→ Provided data:
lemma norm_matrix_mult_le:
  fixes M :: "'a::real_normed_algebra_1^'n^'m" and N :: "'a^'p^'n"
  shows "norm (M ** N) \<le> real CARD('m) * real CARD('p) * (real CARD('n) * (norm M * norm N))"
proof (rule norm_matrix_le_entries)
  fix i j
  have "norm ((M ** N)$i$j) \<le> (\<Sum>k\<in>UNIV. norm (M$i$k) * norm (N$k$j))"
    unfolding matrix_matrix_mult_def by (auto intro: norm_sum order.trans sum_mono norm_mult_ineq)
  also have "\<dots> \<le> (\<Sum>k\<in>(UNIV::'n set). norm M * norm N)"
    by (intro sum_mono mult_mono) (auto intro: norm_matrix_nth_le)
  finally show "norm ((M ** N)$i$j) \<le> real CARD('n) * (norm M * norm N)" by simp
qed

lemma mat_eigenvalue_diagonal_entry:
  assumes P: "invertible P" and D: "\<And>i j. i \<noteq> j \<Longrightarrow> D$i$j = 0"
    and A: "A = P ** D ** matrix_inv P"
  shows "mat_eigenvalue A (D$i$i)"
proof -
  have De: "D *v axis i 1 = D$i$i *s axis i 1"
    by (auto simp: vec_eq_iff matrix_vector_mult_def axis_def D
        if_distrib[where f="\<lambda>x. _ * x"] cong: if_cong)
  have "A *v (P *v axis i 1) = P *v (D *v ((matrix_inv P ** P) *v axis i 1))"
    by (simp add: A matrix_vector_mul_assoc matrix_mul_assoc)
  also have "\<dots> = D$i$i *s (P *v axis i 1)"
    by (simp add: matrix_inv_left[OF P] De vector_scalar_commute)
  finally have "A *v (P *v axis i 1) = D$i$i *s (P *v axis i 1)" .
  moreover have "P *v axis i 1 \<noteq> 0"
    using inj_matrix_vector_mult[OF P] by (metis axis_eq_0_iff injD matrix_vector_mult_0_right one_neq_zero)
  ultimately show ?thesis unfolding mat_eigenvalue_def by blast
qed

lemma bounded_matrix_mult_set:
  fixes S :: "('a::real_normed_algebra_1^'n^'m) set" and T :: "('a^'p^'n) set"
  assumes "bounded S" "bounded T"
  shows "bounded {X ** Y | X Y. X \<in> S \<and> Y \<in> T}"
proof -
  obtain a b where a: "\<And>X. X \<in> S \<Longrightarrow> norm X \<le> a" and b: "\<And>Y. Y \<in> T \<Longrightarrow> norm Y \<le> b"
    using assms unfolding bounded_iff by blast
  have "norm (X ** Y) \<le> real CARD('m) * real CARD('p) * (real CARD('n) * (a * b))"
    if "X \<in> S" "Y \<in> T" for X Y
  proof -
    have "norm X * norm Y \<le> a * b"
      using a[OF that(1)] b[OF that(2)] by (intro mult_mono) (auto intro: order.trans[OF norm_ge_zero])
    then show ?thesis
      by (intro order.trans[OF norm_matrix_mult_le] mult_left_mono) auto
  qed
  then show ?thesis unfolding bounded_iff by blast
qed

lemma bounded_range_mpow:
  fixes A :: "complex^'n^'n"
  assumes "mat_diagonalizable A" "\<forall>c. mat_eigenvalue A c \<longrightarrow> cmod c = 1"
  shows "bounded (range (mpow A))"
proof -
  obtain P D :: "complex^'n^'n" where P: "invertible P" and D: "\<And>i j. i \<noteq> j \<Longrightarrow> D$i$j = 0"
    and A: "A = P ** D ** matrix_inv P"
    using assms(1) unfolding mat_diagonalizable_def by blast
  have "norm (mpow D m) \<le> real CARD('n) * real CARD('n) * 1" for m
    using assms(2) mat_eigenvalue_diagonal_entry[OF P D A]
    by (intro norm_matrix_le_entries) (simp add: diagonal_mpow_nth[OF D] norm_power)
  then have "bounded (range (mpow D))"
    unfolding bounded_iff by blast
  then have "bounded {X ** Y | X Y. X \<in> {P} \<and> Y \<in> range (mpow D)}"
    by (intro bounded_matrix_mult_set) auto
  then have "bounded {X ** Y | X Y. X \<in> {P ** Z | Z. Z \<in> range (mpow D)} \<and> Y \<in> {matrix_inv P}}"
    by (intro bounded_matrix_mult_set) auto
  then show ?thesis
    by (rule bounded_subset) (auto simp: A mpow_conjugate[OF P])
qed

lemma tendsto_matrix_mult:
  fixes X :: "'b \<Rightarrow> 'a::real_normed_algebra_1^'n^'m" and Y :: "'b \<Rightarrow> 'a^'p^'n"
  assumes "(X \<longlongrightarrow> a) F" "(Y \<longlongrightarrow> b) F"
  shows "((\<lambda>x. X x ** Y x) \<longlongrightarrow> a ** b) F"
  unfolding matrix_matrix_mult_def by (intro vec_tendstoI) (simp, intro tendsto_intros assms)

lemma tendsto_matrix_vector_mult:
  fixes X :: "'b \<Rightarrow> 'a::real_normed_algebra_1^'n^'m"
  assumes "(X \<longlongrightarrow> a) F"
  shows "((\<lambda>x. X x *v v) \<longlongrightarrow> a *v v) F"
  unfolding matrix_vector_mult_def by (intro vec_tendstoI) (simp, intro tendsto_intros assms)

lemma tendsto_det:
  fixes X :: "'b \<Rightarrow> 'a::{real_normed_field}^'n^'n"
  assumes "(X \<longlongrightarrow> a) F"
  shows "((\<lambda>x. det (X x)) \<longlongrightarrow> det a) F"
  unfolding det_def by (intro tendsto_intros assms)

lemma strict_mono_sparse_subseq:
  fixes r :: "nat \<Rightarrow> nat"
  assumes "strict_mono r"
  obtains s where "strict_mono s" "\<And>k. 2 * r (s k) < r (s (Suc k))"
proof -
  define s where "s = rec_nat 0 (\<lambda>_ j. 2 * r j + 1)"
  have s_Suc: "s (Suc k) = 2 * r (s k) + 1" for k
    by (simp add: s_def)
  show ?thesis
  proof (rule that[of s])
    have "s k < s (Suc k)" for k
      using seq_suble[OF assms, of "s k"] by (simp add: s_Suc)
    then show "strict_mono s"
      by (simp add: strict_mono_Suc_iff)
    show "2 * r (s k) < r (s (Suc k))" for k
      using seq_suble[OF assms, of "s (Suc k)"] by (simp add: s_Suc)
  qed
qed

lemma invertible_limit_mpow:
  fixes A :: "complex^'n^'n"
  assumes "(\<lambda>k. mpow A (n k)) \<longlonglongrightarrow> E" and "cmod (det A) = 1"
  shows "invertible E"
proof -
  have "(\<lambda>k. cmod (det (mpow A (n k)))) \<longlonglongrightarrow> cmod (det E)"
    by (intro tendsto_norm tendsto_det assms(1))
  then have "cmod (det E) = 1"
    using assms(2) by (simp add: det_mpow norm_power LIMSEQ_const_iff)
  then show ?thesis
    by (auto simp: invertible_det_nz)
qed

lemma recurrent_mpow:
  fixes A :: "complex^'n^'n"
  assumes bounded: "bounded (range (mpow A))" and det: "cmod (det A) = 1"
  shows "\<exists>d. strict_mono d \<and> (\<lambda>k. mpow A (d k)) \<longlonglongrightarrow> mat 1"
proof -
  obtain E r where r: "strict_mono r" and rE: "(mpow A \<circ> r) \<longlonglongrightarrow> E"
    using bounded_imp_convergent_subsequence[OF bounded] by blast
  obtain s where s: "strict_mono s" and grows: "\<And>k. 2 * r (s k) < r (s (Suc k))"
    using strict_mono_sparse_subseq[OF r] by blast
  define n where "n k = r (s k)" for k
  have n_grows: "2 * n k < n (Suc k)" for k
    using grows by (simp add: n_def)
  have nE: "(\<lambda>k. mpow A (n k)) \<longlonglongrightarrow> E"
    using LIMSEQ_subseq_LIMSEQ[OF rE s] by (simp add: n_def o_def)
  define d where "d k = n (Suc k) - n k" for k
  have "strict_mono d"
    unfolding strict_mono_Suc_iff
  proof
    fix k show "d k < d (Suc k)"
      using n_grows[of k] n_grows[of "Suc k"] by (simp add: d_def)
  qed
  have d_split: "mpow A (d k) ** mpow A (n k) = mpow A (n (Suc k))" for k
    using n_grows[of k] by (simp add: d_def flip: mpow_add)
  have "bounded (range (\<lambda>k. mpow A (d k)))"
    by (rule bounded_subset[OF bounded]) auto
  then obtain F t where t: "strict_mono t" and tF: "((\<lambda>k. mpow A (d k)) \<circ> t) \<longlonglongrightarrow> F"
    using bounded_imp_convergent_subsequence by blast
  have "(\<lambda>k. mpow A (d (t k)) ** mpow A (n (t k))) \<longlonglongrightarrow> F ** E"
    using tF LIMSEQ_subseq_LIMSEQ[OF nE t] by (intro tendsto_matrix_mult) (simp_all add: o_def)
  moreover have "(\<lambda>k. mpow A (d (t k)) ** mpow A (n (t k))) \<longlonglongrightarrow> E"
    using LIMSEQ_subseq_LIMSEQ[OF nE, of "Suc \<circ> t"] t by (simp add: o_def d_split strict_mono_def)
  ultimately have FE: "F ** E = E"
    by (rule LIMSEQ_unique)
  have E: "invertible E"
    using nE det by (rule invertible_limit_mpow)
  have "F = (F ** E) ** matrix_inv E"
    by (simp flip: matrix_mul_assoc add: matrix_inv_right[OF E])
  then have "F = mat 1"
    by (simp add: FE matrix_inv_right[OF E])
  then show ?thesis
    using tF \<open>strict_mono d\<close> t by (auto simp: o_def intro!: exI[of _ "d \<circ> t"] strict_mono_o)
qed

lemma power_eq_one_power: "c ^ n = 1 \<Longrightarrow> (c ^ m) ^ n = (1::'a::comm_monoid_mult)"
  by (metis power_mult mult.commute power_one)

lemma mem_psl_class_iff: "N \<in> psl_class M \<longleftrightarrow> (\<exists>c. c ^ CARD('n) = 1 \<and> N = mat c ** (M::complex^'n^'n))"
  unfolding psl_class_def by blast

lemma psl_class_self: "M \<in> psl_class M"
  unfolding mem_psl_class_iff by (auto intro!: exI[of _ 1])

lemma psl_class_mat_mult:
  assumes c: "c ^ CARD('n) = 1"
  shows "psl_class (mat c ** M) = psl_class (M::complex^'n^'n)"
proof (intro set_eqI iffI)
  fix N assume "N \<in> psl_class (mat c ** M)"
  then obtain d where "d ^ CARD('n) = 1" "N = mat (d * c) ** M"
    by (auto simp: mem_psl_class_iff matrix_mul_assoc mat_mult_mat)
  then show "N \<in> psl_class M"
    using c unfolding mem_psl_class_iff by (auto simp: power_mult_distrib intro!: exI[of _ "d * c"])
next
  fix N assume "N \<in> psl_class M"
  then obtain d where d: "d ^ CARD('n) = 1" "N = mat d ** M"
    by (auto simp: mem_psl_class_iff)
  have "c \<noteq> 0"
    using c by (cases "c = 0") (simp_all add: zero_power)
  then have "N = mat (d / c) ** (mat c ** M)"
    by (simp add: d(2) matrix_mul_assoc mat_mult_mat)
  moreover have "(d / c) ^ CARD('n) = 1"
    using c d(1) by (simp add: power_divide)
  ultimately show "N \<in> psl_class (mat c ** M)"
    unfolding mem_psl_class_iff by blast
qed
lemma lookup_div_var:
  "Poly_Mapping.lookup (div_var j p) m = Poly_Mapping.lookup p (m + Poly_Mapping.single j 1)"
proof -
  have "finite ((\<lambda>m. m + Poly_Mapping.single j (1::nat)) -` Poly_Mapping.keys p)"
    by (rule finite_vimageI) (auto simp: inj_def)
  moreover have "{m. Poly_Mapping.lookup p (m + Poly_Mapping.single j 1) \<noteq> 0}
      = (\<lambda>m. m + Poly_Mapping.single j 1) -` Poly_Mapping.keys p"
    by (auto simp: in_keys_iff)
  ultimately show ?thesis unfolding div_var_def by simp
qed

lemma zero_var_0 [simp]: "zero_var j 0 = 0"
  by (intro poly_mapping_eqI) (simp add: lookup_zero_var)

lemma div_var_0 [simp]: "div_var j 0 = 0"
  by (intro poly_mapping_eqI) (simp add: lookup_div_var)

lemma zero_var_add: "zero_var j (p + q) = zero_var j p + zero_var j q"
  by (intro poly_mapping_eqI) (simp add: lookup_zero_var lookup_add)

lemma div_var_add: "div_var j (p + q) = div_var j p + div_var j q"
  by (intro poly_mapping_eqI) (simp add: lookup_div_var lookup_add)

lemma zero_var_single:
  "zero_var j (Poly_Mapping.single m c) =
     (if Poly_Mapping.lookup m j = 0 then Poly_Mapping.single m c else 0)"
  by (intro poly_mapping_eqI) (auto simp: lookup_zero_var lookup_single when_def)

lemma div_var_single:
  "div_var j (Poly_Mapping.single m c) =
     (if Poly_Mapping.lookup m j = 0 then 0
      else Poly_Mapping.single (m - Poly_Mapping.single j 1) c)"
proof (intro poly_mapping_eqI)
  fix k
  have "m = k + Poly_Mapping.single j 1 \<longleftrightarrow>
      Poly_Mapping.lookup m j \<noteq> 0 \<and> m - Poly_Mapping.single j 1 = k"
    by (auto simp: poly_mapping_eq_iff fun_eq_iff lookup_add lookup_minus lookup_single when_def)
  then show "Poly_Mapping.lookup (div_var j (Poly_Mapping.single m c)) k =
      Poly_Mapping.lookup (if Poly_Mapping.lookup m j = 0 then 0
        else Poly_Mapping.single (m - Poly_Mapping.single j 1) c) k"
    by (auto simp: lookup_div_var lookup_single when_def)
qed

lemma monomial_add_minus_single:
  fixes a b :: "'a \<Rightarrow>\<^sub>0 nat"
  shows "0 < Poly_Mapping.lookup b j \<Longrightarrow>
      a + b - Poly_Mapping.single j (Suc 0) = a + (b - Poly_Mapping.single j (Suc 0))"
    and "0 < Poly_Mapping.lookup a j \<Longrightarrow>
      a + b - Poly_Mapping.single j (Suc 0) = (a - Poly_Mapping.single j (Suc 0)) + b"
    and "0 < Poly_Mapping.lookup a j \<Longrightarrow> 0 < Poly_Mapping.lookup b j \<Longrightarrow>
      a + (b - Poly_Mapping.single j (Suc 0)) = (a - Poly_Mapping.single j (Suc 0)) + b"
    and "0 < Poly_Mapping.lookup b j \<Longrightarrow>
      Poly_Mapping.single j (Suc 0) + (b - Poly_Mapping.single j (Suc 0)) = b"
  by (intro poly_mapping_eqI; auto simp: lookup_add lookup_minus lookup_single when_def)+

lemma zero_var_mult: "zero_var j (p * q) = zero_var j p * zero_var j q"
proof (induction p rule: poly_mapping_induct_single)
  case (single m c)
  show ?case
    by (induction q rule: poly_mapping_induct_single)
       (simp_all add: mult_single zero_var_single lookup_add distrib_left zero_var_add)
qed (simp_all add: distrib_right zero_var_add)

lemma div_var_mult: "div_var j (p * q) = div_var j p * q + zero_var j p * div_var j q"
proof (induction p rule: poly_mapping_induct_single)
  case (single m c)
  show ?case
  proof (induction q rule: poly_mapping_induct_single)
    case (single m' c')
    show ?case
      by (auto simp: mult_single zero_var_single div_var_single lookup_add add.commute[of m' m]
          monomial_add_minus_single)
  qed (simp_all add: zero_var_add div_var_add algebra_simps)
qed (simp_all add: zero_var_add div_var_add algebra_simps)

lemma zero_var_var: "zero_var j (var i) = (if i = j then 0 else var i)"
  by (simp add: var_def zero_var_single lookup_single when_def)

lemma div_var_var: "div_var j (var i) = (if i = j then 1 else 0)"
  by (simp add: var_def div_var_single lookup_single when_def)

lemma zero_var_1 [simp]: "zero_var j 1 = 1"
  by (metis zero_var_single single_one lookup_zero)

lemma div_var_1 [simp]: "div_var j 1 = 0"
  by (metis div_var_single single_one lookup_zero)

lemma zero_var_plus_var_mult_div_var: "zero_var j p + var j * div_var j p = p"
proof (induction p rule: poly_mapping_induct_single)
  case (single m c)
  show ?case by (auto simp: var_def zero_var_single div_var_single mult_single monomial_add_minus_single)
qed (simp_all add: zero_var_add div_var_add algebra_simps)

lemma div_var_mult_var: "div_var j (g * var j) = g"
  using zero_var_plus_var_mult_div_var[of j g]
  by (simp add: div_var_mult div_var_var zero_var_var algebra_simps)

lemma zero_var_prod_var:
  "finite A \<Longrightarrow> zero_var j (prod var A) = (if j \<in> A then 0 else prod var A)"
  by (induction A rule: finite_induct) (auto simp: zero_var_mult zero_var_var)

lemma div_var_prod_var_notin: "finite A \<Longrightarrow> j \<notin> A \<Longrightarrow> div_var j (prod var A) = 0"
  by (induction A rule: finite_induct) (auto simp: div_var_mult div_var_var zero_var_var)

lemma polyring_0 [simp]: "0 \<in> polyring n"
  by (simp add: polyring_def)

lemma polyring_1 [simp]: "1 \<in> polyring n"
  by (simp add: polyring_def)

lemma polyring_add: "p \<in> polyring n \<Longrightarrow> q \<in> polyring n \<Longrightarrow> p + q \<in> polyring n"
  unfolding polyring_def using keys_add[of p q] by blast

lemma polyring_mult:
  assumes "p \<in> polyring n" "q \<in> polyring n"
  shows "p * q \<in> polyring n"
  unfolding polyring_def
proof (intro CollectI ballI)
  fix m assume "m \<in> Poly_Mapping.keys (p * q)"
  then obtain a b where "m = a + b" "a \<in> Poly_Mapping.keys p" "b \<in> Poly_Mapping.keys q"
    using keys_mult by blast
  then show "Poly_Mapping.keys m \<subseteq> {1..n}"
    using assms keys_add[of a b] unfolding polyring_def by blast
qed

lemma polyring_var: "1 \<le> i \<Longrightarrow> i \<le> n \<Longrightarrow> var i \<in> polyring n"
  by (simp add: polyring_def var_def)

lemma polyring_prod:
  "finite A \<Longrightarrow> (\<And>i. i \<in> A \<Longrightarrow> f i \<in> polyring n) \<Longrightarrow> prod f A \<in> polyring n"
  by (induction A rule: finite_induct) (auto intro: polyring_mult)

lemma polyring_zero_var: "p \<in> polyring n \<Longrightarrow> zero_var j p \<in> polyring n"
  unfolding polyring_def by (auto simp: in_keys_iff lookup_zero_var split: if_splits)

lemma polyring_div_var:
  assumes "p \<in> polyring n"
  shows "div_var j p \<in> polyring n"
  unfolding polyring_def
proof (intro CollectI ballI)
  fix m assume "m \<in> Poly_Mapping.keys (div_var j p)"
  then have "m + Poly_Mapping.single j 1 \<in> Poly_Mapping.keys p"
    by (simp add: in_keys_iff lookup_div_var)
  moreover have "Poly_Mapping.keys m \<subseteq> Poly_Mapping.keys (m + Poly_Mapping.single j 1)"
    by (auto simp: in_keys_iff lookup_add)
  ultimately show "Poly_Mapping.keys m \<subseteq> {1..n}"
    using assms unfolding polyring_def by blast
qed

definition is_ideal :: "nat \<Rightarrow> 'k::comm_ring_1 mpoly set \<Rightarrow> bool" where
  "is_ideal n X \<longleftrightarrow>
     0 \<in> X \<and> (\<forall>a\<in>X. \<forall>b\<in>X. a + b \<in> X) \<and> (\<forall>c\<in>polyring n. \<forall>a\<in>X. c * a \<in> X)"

→ Aim of the exercise:
Please return exactly the lines from the first line of the material through the one with "by (intro sum_mono", and no lines after it.

→ Response box:
lemma norm_matrix_mult_le:
  fixes M :: "'a::real_normed_algebra_1^'n^'m" and N :: "'a^'p^'n"
  shows "norm (M ** N) \<le> real CARD('m) * real CARD('p) * (real CARD('n) * (norm M * norm N))"
proof (rule norm_matrix_le_entries)
  fix i j
  have "norm ((M ** N)$i$j) \<le> (\<Sum>k\<in>UNIV. norm (M$i$k) * norm (N$k$j))"
    unfolding matrix_matrix_mult_def by (auto intro: norm_sum order.trans sum_mono norm_mult_ineq)
  also have "\<dots> \<le> (\<Sum>k\<in>(UNIV::'n set). norm M * norm N)"
    by (intro sum_mono mult_mono) (auto intro: norm_matrix_nth_le)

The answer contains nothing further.